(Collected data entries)
################
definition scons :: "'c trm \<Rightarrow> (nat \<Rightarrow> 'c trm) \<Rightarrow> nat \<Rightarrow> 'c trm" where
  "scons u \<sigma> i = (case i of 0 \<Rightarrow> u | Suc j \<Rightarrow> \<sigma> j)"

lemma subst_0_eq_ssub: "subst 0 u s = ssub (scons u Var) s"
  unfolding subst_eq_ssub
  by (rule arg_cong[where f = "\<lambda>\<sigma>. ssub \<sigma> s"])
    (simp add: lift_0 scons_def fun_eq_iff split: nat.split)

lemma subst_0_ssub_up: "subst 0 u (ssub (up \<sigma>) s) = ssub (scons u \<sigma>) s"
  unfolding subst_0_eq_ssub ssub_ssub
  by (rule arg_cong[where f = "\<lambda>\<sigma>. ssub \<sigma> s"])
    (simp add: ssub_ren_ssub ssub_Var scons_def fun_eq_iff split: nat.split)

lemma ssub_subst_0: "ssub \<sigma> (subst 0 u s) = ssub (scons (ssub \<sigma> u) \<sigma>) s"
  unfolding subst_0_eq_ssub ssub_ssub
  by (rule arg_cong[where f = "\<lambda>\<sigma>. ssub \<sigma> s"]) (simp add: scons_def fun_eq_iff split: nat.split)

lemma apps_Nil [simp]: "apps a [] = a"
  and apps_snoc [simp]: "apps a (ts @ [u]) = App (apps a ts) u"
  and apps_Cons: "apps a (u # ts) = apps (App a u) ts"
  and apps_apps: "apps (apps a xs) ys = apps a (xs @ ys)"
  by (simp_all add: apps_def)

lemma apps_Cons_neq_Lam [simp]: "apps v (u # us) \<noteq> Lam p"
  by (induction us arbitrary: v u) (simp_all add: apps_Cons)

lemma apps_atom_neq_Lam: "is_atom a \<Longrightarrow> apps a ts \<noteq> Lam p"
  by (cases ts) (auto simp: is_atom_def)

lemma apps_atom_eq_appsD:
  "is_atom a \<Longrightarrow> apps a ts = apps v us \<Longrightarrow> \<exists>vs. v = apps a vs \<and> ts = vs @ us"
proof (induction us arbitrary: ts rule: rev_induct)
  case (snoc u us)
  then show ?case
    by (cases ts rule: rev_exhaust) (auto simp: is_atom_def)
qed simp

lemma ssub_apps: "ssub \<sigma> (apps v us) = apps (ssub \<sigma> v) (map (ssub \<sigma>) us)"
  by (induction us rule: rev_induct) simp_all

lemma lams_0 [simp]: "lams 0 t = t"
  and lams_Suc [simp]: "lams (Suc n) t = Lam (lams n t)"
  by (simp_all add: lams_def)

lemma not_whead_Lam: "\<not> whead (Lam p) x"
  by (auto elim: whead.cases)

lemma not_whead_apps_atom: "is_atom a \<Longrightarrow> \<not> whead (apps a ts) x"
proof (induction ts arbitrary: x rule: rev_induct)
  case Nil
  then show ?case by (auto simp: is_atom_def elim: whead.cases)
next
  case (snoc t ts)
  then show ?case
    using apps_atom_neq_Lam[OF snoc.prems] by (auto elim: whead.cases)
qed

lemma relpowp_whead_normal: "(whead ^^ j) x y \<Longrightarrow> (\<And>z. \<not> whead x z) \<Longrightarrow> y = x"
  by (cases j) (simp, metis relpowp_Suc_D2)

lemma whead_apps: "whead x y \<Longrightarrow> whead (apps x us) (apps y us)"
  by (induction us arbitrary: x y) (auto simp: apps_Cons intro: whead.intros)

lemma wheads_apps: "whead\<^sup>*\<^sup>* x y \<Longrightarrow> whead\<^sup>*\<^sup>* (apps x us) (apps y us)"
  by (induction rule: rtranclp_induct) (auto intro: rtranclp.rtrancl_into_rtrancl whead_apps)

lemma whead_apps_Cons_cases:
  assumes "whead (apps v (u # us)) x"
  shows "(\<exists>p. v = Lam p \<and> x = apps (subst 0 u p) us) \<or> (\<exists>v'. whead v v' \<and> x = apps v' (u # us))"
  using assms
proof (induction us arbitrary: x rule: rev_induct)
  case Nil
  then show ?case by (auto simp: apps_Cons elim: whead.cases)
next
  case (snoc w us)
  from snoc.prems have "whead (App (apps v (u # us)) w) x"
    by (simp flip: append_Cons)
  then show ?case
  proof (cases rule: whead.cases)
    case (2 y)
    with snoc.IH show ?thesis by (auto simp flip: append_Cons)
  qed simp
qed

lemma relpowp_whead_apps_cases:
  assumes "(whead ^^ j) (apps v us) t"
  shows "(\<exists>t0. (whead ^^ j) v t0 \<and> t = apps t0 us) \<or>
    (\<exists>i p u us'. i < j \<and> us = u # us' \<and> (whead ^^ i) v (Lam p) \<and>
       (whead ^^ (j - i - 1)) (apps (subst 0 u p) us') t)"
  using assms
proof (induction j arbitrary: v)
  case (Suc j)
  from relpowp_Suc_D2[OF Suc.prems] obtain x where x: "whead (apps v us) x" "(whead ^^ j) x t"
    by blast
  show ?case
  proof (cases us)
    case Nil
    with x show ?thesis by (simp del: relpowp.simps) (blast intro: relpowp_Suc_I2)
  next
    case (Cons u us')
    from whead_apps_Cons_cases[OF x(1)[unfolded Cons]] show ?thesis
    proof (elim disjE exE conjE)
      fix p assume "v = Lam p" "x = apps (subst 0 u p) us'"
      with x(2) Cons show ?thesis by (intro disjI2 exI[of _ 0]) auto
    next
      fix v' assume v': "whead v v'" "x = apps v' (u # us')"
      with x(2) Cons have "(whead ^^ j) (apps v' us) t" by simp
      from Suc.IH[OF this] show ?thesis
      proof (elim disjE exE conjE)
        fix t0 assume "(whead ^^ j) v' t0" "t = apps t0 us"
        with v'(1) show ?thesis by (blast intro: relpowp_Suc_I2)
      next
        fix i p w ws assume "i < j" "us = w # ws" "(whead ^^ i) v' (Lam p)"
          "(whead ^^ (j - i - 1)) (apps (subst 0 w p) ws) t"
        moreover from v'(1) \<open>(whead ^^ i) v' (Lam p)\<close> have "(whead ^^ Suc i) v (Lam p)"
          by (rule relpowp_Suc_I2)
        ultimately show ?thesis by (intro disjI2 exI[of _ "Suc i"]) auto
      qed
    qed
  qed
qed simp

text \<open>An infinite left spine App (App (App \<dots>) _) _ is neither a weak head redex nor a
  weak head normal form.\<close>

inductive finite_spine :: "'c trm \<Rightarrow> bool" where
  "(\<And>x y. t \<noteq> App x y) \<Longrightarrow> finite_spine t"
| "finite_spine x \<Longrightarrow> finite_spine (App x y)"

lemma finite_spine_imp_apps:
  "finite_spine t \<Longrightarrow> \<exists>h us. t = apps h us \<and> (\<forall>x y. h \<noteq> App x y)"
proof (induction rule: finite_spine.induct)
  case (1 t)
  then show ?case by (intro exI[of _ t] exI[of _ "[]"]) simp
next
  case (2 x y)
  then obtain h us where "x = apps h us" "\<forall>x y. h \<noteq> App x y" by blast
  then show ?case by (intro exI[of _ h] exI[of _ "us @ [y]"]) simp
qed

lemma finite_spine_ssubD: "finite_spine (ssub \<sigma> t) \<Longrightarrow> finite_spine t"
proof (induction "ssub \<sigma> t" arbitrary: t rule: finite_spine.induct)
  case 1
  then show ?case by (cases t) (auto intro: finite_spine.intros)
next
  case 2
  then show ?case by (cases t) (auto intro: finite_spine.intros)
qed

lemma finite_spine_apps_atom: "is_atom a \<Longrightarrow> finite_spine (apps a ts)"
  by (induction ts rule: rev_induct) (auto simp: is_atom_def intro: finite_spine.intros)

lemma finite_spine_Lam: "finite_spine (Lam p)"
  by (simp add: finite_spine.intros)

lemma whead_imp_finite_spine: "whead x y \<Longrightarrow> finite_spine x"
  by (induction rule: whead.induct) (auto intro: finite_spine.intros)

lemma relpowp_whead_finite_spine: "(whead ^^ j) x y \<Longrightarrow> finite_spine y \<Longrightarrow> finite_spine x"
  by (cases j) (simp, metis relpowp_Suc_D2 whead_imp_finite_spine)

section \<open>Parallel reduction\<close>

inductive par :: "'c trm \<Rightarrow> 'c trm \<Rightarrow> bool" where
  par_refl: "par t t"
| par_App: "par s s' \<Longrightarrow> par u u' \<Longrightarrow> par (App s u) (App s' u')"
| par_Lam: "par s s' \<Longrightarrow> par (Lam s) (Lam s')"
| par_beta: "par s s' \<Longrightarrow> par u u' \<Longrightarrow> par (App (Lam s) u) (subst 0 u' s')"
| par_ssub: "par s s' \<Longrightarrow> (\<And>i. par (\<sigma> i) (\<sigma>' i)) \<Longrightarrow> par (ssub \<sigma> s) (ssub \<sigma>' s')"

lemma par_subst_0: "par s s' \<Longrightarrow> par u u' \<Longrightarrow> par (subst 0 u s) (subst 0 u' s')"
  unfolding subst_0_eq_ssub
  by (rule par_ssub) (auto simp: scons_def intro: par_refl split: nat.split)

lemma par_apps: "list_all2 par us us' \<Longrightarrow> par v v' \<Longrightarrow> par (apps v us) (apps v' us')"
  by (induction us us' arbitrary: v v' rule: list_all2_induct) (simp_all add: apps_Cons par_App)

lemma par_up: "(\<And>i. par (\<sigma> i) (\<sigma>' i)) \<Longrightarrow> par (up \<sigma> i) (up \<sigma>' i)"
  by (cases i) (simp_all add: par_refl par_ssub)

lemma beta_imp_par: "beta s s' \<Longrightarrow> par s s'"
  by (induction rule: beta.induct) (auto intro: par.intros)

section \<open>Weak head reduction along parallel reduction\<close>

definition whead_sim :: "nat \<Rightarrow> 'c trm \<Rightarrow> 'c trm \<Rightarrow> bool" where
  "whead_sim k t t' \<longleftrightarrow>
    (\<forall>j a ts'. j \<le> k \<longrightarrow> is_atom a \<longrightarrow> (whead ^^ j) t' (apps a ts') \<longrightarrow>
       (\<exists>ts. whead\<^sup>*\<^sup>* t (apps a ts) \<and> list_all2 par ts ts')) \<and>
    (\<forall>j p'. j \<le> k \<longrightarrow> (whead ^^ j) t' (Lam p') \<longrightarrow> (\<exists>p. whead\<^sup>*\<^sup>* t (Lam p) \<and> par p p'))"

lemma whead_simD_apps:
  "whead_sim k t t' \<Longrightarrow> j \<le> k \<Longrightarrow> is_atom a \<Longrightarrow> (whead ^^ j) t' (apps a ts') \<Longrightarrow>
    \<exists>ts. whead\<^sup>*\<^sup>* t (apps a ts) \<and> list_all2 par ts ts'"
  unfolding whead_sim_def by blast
################
WHAT NEEDS TO BE DONE
Return every line above where "section" appears.

TASK RESULT
section \<open>Parallel reduction\<close>
section \<open>Weak head reduction along parallel reduction\<close>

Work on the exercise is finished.